> [Your assignment]:
Look through the entries below, please, and copy every line with the word "cong".

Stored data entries
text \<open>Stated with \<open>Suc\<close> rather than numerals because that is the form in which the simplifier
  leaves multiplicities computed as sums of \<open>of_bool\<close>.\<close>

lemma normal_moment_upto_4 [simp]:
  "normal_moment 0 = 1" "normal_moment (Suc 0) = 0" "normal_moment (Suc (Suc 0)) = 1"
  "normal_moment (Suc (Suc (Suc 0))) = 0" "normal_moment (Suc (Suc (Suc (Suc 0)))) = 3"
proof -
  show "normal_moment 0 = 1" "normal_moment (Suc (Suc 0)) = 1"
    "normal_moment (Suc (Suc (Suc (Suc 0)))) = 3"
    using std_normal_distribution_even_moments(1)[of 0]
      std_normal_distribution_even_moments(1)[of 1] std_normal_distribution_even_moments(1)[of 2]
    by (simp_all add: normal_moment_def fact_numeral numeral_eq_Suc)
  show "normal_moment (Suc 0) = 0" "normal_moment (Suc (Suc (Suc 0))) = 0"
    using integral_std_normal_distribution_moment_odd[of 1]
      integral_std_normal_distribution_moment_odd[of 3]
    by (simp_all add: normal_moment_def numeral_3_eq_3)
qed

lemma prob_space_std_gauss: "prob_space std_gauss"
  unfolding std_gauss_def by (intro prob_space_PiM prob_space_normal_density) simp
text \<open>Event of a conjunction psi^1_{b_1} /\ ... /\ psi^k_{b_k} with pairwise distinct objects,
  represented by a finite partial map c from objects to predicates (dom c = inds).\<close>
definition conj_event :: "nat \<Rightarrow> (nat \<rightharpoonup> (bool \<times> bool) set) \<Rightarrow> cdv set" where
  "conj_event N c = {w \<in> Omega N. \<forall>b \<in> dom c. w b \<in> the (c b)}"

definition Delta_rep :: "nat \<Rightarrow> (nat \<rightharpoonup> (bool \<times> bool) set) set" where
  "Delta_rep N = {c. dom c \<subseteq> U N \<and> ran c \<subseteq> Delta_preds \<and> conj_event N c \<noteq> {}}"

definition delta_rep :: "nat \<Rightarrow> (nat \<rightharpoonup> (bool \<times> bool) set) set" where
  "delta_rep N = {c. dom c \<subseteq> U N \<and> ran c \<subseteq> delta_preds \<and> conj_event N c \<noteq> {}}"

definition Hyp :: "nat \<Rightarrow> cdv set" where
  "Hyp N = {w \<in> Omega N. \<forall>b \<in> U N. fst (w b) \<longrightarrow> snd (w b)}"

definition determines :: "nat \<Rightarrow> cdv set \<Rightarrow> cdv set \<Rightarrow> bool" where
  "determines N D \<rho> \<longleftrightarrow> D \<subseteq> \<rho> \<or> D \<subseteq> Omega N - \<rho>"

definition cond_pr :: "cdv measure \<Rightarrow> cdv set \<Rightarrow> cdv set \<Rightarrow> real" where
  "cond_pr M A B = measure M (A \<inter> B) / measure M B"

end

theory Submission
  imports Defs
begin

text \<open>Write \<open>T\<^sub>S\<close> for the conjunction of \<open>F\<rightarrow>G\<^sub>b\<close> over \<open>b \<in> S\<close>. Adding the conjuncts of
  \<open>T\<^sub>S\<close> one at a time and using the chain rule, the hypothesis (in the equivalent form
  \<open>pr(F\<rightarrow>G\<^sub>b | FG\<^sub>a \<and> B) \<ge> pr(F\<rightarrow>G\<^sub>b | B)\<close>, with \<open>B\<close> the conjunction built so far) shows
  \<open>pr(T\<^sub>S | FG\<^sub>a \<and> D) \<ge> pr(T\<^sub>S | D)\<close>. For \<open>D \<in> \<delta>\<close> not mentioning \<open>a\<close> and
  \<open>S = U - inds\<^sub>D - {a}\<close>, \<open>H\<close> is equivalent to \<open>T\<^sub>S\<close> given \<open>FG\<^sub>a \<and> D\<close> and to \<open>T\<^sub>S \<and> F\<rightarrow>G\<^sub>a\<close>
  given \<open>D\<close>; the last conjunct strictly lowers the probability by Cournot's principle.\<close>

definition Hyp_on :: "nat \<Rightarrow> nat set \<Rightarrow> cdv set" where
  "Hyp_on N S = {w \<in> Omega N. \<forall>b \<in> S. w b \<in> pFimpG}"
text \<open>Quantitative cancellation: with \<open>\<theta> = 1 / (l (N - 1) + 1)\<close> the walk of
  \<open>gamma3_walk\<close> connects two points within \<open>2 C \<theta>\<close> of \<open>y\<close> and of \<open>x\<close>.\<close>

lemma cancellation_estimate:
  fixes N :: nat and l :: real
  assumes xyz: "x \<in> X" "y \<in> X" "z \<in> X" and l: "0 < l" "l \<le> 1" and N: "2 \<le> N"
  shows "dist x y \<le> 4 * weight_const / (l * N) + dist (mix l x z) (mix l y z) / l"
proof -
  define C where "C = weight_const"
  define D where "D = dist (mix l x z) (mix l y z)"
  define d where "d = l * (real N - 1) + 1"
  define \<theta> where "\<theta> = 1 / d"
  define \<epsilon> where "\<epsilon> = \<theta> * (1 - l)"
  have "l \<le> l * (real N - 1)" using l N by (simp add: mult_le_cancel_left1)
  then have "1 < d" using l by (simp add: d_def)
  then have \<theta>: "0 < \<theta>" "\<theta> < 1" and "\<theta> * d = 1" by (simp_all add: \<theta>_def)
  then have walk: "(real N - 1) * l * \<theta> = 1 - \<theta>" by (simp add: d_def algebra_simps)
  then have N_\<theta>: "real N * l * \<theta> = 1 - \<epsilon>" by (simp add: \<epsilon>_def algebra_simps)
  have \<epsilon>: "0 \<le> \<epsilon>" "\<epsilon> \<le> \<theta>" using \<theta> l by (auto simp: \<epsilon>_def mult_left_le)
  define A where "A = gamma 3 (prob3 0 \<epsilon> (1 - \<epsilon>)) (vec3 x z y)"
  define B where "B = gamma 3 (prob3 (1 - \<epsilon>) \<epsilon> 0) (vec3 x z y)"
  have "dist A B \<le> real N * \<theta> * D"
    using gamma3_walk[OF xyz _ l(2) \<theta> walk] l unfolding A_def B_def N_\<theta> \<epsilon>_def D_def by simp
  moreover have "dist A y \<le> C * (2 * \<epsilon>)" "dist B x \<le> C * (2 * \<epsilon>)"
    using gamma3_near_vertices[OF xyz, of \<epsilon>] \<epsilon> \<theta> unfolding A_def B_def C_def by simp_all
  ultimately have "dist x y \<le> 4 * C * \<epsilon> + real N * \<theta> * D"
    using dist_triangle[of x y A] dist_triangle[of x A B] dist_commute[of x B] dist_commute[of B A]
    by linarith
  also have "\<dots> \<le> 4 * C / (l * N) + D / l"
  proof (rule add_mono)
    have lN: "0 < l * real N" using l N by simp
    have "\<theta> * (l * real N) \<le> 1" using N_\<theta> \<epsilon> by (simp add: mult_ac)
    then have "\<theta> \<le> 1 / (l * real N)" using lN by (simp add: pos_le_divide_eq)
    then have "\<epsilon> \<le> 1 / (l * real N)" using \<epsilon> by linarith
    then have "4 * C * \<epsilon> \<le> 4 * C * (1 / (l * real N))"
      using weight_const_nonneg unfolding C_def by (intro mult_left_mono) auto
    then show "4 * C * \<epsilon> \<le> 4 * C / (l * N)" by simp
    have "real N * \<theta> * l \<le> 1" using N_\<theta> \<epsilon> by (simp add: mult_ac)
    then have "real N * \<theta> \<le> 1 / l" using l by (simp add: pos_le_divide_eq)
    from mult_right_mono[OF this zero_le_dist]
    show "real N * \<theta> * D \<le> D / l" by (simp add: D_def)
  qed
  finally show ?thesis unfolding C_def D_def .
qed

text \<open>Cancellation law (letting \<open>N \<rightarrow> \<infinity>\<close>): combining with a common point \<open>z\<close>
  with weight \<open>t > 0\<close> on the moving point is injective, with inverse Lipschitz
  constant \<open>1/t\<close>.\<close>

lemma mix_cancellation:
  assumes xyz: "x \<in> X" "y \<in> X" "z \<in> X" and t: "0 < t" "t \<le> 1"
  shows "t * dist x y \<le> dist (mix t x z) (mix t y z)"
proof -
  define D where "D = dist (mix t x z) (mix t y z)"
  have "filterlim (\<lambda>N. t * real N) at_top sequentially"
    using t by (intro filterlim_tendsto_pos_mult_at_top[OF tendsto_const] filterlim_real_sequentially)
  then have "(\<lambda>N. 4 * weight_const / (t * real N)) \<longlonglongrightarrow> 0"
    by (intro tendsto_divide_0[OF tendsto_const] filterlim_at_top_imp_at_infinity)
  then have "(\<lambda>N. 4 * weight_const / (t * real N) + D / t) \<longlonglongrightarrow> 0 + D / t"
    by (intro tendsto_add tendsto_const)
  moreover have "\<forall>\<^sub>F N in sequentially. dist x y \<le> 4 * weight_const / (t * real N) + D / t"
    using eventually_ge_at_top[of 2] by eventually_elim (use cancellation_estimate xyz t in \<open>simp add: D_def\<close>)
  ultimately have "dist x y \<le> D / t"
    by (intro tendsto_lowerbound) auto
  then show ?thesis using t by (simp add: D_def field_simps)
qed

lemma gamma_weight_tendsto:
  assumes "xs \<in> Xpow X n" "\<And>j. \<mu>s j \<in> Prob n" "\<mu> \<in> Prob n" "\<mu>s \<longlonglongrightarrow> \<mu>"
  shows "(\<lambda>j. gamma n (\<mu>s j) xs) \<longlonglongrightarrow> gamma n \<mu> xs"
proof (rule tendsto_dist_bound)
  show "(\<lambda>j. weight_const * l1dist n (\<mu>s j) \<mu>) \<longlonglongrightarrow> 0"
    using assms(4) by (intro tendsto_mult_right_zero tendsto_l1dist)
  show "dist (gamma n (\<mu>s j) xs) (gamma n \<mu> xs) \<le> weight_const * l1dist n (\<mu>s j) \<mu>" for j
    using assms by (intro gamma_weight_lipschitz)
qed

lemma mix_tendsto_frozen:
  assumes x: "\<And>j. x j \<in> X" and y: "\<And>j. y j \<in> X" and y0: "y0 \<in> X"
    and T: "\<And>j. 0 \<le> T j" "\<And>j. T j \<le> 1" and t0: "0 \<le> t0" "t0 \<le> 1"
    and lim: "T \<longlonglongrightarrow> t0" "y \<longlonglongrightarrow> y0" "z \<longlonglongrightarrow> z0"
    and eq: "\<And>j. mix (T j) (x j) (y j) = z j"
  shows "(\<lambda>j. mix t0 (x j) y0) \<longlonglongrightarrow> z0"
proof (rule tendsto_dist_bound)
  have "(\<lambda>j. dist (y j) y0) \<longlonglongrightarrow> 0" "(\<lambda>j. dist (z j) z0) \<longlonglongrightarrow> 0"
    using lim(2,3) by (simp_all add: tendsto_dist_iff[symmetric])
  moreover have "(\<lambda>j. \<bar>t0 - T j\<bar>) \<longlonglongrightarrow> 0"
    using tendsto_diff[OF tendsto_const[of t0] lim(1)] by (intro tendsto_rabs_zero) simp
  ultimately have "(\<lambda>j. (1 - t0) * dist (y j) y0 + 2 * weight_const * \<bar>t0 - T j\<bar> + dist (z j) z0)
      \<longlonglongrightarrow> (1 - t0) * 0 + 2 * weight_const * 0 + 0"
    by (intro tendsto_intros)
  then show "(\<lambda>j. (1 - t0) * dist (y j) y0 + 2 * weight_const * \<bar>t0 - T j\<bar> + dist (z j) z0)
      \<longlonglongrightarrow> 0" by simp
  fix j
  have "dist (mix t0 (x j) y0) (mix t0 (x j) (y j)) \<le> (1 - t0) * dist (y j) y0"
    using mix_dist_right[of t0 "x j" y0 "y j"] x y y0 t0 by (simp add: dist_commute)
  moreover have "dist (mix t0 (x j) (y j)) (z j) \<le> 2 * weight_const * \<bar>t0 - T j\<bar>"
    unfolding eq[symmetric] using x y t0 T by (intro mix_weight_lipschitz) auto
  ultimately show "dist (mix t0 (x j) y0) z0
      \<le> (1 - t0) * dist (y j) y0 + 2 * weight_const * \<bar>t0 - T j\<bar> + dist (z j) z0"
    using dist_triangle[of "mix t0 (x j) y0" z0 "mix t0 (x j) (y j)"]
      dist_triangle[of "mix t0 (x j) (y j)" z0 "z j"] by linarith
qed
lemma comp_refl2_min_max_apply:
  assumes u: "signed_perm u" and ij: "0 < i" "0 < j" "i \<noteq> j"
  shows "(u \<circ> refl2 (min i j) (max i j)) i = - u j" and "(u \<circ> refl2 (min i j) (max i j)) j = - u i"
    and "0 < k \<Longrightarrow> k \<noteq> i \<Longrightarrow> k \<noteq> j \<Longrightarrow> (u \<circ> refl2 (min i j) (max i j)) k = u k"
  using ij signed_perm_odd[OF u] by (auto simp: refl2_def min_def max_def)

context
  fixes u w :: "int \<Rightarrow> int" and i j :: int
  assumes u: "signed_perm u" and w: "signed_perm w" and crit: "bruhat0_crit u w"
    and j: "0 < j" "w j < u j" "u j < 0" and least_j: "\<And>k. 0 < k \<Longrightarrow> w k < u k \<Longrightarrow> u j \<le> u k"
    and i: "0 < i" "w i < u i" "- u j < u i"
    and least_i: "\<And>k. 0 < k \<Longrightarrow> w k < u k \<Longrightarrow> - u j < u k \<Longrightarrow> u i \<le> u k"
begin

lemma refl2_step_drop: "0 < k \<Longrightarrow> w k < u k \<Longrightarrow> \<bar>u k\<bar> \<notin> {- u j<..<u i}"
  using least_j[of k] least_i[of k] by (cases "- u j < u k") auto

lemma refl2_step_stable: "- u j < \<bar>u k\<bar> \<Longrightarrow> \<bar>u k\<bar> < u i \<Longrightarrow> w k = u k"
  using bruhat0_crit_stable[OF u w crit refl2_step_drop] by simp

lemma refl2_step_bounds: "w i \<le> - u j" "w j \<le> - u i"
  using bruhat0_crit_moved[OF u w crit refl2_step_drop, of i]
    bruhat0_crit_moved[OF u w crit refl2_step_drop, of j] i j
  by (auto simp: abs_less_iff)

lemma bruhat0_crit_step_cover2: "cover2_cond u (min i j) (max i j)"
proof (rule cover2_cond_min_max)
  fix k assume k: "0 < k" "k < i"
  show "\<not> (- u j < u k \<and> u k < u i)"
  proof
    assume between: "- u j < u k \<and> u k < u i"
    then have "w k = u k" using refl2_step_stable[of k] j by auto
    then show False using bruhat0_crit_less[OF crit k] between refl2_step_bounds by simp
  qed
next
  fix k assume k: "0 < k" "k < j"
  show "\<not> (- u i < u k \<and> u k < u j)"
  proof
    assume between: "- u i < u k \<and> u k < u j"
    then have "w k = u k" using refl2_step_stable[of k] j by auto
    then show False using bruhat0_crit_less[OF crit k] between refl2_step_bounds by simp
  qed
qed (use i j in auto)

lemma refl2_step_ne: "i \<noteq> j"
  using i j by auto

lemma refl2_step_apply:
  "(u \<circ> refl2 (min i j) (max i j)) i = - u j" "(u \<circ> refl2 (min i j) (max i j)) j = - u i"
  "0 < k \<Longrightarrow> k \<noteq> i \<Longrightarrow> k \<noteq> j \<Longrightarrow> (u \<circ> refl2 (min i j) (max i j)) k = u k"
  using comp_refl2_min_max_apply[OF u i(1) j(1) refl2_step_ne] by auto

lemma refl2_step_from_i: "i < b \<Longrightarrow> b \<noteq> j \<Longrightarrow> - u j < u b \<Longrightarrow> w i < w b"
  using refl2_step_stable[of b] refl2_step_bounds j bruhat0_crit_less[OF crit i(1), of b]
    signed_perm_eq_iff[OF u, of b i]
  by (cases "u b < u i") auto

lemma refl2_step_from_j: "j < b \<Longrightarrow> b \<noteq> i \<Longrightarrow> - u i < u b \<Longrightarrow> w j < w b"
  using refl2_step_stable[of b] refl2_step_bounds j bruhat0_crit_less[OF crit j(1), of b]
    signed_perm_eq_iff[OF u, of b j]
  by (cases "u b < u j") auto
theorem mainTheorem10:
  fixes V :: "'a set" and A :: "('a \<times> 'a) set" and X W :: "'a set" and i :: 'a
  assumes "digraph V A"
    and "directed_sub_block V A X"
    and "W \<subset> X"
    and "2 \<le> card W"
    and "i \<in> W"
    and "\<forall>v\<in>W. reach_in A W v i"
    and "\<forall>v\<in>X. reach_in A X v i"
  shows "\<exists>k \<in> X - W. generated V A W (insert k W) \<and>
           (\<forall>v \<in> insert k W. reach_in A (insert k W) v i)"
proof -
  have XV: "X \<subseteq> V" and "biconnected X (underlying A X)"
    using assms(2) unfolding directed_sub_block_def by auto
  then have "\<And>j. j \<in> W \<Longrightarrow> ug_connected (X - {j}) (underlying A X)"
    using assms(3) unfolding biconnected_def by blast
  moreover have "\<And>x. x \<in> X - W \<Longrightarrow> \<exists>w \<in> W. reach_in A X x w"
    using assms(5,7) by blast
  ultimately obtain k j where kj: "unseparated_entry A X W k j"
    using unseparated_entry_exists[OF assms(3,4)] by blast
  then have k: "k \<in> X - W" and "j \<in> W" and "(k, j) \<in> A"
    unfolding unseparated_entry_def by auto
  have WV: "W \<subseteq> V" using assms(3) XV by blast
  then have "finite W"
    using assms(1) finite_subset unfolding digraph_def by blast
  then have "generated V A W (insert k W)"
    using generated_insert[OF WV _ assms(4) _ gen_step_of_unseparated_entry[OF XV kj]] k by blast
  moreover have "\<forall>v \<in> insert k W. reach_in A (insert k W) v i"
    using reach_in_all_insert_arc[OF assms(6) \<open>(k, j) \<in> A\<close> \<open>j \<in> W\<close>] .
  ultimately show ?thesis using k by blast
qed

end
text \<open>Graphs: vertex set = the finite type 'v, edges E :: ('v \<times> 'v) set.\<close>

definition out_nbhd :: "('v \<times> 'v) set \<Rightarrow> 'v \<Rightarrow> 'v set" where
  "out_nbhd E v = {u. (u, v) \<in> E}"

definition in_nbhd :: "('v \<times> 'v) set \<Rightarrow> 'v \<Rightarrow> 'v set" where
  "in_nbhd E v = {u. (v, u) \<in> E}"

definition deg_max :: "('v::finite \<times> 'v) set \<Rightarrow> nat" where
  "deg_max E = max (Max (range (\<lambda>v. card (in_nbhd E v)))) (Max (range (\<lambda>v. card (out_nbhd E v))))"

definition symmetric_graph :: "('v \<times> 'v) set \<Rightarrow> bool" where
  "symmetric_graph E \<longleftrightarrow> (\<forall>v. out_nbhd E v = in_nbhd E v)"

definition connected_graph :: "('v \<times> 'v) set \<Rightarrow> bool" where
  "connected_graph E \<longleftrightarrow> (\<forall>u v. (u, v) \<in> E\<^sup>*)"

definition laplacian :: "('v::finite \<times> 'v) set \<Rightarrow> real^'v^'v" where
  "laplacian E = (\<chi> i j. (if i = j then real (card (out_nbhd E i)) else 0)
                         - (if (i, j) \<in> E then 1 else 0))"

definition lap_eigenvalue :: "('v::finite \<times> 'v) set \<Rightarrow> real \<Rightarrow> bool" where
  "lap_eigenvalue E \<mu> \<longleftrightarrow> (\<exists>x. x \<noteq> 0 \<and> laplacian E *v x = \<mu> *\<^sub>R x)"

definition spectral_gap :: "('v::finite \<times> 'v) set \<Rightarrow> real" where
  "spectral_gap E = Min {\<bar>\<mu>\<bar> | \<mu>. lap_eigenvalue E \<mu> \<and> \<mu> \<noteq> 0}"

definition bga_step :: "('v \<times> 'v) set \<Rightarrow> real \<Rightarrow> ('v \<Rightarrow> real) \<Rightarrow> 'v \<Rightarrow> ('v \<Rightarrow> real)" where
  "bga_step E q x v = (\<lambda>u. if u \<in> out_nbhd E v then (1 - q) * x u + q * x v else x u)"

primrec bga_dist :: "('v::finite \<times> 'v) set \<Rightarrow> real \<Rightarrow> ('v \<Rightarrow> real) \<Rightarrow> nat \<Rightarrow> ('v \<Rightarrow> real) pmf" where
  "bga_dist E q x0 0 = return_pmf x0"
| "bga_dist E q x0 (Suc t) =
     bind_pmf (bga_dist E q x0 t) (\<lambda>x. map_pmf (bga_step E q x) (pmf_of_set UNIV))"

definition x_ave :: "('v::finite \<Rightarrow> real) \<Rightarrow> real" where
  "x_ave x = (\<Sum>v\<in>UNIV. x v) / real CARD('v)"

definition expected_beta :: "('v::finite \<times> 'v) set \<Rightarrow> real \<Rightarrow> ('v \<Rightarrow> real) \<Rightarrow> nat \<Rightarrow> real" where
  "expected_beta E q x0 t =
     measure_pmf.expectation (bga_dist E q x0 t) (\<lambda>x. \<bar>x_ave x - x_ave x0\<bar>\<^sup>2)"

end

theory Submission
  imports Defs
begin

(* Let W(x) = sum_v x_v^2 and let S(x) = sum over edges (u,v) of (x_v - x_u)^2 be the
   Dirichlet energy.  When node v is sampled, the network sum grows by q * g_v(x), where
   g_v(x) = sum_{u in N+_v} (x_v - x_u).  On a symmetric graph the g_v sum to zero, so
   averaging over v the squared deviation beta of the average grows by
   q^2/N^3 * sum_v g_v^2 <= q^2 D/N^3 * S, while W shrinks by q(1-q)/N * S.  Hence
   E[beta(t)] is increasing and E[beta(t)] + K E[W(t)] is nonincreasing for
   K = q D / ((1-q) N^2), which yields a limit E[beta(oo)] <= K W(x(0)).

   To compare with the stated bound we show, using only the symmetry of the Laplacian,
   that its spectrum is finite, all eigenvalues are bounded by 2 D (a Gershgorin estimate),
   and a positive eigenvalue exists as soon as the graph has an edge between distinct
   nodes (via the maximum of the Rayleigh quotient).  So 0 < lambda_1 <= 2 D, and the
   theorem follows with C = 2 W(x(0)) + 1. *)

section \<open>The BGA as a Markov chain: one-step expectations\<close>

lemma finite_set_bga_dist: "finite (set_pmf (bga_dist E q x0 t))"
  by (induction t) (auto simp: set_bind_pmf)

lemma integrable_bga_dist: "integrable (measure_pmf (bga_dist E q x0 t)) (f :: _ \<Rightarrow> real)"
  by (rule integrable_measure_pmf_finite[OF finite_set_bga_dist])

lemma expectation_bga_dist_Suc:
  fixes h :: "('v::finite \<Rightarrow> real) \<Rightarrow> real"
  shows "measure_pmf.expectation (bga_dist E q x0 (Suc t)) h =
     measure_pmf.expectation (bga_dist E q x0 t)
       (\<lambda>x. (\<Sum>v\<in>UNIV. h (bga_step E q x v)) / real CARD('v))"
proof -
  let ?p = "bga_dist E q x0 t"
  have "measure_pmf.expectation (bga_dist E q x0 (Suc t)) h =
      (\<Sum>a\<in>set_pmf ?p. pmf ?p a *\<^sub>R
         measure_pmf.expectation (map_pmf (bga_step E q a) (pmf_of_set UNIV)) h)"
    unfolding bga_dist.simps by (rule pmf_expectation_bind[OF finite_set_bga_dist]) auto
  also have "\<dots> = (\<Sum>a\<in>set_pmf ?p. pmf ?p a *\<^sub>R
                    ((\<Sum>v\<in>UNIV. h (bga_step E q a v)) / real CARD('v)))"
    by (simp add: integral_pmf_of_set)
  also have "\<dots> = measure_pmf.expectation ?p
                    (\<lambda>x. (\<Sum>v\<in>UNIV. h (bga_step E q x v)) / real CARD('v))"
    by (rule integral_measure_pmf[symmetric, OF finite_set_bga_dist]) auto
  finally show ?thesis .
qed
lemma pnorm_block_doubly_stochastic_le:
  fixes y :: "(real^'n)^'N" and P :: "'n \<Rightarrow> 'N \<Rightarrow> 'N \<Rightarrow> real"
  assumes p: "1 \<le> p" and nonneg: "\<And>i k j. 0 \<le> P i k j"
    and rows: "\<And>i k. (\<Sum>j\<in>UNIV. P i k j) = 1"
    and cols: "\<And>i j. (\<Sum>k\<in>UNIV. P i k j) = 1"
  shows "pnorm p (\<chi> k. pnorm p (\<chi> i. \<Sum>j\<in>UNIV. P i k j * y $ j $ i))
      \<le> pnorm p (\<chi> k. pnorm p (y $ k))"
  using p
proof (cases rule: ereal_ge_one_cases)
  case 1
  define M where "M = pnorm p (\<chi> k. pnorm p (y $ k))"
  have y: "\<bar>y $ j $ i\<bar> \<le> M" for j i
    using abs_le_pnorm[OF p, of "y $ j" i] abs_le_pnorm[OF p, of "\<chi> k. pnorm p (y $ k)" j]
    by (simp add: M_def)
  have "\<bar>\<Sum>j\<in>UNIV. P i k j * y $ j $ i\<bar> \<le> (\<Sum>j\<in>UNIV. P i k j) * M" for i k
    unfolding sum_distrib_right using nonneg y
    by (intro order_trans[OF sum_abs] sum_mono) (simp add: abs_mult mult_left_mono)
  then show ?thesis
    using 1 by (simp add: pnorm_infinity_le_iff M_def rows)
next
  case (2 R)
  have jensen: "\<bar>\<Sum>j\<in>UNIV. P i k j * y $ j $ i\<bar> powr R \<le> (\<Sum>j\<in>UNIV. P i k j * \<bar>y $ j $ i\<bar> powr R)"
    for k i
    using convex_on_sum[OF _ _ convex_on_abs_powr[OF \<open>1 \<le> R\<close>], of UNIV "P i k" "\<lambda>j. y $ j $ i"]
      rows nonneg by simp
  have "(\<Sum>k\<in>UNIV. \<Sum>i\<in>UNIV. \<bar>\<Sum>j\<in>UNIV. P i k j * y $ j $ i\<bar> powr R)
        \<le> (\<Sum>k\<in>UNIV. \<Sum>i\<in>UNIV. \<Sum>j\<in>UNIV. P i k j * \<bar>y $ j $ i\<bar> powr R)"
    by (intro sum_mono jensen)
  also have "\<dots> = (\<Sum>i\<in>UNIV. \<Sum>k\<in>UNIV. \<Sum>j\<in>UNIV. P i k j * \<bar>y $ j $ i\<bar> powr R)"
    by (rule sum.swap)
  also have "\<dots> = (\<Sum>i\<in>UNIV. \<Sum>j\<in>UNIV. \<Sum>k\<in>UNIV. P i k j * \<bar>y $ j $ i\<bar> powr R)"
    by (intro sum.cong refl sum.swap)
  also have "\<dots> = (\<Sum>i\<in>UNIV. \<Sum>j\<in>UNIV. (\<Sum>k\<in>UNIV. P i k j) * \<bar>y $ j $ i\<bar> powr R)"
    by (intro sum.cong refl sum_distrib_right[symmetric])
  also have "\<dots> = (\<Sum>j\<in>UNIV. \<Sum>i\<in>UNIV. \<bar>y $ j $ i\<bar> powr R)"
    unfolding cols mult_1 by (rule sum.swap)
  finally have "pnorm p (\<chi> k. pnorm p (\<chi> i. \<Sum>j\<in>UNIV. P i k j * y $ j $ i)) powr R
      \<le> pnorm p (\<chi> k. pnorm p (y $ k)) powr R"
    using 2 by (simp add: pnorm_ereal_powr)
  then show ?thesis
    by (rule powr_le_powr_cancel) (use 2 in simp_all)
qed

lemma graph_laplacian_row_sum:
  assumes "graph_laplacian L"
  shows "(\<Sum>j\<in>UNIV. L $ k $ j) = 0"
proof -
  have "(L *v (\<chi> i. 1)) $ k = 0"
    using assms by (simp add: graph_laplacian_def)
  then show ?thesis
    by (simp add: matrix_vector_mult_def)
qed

> [Result of this exercise]:
    by (intro sum.cong refl sum.swap)
    by (intro sum.cong refl sum_distrib_right[symmetric])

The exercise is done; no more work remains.